Both the line below containing "w - e \<notin>" and the line containing "i = sorted_list_of_set", along with every line between them, should be repeated exactly; no other line belongs in the answer.

··· Data shown

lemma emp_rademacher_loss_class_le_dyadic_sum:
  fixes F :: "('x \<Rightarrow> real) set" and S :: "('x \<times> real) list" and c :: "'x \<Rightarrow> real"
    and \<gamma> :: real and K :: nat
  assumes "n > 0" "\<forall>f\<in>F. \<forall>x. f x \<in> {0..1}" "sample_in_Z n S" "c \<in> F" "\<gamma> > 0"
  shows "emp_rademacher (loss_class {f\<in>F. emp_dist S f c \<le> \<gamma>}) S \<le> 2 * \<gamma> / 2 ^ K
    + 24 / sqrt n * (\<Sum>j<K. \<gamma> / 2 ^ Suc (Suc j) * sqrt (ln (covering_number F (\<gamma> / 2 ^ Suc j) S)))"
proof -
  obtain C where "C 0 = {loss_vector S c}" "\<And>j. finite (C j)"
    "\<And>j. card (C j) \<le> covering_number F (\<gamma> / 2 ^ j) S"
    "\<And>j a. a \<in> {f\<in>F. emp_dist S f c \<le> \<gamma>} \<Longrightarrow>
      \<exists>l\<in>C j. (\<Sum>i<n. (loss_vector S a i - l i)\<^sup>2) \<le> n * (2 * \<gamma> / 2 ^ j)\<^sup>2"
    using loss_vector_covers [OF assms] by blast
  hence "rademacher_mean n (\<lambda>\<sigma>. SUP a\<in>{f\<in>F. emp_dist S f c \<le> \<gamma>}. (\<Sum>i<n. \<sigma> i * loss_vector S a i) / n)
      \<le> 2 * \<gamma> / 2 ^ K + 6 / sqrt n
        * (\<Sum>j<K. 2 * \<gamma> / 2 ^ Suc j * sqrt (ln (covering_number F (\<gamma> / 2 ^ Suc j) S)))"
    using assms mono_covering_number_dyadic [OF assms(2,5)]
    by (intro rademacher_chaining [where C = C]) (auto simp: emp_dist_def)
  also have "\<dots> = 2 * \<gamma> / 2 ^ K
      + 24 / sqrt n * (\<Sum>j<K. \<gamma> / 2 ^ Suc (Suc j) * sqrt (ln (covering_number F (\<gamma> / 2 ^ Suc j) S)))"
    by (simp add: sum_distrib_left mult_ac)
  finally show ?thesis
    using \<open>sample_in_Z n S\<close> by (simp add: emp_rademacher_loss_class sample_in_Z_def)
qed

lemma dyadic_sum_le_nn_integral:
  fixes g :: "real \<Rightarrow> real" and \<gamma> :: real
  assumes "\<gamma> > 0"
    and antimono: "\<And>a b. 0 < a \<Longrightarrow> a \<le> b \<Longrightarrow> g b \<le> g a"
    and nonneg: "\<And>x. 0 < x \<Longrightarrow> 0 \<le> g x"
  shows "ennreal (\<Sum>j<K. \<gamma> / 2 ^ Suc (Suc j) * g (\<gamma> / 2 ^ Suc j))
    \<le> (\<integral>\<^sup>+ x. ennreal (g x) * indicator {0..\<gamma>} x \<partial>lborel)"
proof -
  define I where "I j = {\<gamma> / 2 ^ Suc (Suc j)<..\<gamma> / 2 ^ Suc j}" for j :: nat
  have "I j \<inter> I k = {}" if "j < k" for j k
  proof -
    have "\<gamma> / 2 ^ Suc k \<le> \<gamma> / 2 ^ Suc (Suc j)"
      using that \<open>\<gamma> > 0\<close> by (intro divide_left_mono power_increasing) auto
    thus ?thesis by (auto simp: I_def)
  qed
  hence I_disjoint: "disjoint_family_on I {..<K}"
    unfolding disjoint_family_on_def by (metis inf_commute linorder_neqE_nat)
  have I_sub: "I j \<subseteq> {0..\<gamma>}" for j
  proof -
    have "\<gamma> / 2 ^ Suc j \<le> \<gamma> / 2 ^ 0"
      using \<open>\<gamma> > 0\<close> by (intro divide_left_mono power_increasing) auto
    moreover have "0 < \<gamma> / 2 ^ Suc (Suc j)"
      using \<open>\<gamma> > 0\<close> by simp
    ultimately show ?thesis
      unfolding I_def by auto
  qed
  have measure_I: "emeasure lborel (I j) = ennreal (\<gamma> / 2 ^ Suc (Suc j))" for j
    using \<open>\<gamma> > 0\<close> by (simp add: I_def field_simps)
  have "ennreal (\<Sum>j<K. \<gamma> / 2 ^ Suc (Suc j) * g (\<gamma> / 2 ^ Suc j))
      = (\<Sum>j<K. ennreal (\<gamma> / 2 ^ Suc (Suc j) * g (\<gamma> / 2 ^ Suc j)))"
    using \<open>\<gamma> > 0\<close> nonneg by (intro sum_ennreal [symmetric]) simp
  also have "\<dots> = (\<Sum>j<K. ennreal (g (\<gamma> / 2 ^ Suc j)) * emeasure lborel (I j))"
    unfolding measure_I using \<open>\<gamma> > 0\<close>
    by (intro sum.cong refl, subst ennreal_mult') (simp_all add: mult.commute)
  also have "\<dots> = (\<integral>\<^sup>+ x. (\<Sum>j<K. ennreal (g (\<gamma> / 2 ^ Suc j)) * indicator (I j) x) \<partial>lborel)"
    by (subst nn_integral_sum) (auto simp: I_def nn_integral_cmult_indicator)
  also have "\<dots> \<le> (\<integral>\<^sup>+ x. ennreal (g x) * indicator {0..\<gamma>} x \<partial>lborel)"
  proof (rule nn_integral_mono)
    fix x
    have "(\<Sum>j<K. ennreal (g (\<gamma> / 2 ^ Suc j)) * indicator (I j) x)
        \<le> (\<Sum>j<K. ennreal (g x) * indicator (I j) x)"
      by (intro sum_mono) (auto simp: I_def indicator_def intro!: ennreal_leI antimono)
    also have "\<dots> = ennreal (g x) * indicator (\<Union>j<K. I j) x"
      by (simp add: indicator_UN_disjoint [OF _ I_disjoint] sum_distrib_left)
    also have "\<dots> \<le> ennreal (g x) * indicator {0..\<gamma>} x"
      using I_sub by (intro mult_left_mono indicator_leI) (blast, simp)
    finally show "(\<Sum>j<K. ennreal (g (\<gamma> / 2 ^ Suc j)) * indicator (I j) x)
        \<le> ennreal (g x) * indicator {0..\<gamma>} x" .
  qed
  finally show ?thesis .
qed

······
··· Data shown

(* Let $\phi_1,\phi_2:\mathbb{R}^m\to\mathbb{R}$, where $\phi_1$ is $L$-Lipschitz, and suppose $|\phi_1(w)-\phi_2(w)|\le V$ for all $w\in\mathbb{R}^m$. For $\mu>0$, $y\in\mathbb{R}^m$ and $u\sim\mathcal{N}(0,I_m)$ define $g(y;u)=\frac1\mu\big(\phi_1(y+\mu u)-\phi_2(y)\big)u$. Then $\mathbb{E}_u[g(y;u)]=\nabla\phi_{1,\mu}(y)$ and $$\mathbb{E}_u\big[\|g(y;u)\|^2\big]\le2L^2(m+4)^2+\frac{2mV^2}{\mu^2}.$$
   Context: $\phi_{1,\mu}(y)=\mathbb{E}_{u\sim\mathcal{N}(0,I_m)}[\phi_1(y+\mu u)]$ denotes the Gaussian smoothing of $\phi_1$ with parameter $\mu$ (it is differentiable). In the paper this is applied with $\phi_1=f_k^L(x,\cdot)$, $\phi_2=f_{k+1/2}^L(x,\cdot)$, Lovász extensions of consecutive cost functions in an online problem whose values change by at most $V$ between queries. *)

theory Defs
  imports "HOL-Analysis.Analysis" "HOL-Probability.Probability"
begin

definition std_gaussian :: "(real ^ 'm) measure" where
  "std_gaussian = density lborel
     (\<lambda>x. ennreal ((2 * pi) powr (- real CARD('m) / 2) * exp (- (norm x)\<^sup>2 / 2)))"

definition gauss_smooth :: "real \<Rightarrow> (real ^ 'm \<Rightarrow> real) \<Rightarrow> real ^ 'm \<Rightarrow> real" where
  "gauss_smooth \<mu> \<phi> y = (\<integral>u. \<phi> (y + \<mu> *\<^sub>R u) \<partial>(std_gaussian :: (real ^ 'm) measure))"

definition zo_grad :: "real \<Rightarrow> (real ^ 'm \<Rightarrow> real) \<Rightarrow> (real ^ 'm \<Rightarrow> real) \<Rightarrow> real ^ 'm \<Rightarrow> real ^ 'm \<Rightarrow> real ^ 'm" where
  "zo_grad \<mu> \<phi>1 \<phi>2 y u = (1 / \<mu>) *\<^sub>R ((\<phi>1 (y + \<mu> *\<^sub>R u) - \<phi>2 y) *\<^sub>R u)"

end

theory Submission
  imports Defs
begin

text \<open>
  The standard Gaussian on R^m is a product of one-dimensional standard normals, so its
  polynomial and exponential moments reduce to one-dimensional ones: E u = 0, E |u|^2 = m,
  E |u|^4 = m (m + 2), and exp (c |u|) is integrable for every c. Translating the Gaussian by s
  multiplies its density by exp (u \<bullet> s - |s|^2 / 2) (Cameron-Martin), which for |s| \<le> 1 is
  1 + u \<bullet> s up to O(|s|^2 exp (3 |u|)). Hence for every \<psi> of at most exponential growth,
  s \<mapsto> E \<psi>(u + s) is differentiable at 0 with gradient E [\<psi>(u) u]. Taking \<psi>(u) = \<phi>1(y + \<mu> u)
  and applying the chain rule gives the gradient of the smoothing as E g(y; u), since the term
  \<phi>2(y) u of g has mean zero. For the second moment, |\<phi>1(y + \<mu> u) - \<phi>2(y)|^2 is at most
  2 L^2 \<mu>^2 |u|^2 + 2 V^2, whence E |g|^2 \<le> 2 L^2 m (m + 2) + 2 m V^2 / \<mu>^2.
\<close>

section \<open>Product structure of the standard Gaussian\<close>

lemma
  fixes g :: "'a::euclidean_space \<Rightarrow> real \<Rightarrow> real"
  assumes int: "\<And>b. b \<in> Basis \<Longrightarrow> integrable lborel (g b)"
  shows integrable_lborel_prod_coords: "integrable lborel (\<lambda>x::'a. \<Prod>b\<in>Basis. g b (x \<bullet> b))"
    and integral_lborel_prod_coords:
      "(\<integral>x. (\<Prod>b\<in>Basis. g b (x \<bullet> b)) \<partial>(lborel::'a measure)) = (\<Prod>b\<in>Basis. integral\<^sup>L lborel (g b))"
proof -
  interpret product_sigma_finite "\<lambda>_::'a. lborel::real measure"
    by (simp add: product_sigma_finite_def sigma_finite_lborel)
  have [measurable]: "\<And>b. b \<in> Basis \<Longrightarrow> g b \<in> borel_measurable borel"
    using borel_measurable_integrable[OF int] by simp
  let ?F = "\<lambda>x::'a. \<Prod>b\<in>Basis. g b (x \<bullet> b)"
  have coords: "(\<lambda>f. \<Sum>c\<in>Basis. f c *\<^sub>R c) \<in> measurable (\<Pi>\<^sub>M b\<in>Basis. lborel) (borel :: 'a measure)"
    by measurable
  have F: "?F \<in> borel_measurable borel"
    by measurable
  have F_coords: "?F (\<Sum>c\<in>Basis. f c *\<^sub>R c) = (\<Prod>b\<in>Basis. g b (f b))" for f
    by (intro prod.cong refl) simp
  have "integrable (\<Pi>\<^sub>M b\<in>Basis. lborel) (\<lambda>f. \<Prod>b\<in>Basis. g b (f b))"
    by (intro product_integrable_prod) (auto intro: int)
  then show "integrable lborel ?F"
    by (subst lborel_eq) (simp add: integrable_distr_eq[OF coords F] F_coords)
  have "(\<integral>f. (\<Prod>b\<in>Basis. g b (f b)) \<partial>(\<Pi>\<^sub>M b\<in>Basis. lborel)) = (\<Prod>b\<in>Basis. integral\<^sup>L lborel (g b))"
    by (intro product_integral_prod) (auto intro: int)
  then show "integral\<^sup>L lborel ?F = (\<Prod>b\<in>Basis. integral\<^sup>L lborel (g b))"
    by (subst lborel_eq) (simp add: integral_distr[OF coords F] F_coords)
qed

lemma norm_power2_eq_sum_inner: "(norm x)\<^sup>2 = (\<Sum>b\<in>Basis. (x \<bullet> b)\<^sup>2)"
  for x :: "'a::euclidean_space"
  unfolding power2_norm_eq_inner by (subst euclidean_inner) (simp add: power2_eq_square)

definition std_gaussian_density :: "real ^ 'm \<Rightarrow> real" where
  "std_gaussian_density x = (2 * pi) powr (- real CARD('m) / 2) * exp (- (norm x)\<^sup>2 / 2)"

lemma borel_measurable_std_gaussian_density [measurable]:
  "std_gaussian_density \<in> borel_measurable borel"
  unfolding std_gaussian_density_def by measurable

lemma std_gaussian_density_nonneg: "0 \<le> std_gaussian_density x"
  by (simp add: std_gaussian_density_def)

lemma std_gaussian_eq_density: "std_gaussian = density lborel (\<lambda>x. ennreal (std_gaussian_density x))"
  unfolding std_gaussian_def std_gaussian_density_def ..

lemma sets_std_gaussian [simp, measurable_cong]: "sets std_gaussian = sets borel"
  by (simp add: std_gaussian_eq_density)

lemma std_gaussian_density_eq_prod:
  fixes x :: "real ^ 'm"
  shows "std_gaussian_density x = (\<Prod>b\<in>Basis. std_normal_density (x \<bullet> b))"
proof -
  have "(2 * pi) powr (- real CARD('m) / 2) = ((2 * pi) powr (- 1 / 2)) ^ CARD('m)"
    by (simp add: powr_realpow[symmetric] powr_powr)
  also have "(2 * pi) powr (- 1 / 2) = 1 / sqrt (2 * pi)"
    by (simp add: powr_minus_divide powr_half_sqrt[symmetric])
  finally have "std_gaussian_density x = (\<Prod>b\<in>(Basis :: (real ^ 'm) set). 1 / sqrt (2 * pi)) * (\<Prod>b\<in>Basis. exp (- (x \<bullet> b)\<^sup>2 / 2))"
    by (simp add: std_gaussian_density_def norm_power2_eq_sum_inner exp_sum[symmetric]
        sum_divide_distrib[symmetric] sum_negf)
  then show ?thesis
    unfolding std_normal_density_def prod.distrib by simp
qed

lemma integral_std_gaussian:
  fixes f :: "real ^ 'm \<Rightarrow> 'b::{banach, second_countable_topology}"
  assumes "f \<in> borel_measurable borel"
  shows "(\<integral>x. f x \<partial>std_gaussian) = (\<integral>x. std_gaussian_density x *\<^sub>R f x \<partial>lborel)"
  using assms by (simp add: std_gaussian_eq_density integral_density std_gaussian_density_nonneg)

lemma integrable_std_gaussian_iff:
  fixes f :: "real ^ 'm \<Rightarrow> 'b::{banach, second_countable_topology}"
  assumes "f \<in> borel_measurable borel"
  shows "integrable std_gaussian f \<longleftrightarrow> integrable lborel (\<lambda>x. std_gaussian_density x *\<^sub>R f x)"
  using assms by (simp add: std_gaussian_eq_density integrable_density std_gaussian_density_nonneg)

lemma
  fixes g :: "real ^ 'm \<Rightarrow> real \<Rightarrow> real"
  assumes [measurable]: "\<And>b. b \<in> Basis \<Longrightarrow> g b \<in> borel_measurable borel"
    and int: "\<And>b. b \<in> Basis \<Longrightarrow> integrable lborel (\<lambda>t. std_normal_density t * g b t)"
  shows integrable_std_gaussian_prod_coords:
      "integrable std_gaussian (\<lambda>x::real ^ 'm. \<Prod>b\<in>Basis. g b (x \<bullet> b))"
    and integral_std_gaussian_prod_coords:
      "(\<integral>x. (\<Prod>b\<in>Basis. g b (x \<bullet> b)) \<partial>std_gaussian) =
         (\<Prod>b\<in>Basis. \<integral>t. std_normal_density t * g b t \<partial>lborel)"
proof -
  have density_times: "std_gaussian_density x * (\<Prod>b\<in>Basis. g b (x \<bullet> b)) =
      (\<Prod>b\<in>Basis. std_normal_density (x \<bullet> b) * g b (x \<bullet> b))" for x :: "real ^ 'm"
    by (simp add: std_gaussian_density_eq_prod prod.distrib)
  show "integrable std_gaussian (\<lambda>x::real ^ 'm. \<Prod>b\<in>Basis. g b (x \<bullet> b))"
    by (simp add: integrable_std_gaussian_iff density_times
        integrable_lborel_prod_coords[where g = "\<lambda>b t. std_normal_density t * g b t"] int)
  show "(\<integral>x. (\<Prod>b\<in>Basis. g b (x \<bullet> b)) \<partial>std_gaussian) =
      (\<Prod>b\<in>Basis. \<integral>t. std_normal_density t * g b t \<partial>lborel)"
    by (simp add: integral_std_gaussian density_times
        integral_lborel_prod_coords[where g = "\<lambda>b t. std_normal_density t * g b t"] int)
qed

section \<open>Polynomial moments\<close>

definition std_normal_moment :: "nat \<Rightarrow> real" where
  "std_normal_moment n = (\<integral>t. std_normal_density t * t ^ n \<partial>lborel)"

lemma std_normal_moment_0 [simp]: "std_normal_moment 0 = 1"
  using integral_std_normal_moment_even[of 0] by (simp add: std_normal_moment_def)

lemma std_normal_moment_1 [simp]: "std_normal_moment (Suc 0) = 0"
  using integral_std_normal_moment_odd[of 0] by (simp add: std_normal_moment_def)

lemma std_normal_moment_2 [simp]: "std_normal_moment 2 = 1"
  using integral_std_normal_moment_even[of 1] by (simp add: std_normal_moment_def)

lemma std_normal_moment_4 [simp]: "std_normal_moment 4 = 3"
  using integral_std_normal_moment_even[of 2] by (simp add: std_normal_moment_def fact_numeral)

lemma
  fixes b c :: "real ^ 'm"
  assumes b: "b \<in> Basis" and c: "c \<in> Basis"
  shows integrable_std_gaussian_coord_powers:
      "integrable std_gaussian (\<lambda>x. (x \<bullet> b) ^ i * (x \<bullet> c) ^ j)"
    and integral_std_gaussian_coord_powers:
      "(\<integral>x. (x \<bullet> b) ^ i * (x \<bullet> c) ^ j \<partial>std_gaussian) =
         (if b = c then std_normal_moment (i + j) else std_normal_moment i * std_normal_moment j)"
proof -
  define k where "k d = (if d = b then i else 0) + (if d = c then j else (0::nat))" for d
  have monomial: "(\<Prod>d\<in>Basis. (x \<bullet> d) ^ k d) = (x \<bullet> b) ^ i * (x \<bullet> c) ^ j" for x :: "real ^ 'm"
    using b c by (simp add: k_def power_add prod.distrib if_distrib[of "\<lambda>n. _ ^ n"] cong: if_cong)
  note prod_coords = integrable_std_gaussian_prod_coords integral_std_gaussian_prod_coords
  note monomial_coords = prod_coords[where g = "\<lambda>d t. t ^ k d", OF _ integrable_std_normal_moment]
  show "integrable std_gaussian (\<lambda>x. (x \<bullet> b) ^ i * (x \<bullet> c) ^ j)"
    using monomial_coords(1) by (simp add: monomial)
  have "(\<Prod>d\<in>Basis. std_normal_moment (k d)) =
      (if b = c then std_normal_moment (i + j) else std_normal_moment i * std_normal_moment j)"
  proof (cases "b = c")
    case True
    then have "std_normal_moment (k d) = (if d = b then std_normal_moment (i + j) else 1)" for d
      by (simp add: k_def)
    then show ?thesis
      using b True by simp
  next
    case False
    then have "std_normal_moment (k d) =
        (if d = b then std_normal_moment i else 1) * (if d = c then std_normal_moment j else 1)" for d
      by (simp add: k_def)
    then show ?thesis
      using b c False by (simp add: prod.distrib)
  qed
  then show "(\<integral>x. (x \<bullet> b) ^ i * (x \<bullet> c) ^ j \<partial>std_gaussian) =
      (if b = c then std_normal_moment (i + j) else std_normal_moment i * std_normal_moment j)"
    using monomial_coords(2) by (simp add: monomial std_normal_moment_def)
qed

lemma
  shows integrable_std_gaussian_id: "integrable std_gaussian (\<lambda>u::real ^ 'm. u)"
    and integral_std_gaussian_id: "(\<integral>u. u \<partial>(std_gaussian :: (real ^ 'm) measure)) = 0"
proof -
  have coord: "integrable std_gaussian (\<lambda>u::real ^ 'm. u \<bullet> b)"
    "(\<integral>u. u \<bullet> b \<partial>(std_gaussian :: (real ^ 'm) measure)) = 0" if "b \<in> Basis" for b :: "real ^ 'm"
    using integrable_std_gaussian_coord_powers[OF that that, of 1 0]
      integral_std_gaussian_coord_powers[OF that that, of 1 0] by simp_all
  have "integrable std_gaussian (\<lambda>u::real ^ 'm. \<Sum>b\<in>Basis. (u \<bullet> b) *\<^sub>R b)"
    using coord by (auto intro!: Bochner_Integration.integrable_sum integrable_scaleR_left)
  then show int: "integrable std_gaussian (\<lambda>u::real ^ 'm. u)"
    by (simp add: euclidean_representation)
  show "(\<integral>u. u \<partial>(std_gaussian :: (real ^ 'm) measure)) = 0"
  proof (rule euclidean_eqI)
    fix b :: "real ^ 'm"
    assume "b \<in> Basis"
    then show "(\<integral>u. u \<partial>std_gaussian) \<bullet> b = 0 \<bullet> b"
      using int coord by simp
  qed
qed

······
··· Data shown

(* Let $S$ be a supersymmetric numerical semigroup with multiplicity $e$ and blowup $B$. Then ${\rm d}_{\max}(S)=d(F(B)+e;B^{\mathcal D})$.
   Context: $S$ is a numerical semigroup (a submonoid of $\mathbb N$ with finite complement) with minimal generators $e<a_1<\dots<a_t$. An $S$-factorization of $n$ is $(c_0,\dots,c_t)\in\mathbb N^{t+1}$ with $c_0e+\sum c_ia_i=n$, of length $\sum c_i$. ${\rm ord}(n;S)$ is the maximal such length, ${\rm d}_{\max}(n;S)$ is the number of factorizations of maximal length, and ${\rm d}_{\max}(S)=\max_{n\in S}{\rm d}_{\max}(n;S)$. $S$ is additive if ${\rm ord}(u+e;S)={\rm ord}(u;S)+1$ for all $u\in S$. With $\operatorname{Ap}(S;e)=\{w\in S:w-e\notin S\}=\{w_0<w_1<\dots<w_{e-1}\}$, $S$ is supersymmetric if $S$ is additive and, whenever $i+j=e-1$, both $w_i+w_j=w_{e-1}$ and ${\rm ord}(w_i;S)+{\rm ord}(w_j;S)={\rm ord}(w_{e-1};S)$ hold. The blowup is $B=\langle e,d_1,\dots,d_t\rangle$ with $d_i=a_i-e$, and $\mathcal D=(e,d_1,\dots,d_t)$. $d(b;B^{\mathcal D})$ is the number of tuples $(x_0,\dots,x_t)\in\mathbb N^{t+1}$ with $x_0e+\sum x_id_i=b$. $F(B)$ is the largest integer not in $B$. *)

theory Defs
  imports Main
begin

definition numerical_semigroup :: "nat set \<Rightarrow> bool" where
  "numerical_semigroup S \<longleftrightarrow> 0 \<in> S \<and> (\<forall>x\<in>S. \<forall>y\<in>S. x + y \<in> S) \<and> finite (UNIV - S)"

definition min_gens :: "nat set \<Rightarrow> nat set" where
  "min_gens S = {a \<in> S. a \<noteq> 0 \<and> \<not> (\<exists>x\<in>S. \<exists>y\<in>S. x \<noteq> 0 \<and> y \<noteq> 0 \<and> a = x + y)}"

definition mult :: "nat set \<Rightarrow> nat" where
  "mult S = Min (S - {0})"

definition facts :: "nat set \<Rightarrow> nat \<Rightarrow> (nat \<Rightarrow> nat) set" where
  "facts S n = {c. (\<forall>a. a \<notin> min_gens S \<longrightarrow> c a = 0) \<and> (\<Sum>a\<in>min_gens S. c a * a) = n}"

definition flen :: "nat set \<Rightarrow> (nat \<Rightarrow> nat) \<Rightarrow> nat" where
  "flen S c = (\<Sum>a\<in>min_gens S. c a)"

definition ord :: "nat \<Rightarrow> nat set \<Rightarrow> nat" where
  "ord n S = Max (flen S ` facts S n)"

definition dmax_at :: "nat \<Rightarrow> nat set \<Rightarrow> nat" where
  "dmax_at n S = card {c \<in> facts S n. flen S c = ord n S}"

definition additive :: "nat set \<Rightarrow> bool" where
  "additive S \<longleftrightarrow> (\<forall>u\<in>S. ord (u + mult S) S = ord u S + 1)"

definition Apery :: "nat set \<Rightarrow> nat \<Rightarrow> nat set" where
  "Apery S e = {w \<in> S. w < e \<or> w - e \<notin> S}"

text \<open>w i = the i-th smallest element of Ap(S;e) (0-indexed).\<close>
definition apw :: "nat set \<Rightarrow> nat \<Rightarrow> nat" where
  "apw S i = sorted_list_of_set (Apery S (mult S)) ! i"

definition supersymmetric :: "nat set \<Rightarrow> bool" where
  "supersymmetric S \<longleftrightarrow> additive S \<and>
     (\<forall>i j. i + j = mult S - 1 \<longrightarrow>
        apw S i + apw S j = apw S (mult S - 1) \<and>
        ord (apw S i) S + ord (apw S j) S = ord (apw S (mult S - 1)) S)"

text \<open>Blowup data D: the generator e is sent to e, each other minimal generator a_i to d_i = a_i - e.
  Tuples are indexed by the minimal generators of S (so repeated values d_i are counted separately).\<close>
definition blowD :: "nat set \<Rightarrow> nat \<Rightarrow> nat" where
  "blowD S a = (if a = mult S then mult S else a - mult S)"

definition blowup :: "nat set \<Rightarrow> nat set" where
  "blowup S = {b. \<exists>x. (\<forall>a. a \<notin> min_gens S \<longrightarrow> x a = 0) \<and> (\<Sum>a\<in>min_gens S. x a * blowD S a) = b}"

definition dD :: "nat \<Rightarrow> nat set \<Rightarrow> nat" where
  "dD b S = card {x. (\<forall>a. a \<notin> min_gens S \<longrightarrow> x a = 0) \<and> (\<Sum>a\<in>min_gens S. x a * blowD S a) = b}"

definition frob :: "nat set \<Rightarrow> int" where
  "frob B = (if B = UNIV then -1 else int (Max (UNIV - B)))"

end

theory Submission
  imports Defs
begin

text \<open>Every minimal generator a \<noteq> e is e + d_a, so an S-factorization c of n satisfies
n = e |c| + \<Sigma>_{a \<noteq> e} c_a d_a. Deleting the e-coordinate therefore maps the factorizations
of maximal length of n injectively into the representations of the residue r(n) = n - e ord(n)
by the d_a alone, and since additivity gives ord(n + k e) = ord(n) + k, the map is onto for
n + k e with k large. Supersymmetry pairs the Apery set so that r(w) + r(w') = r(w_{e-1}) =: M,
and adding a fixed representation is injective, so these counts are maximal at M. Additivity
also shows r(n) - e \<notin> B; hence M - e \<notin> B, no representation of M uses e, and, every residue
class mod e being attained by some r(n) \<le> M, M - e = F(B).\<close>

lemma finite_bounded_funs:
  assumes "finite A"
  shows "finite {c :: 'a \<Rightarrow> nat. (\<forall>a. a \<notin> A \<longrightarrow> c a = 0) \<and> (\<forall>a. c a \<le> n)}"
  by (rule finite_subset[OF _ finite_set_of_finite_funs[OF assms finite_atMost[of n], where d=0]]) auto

······

• _Written solution_
  "Apery S e = {w \<in> S. w < e \<or> w - e \<notin> S}"

text \<open>w i = the i-th smallest element of Ap(S;e) (0-indexed).\<close>
definition apw :: "nat set \<Rightarrow> nat \<Rightarrow> nat" where
  "apw S i = sorted_list_of_set (Apery S (mult S)) ! i"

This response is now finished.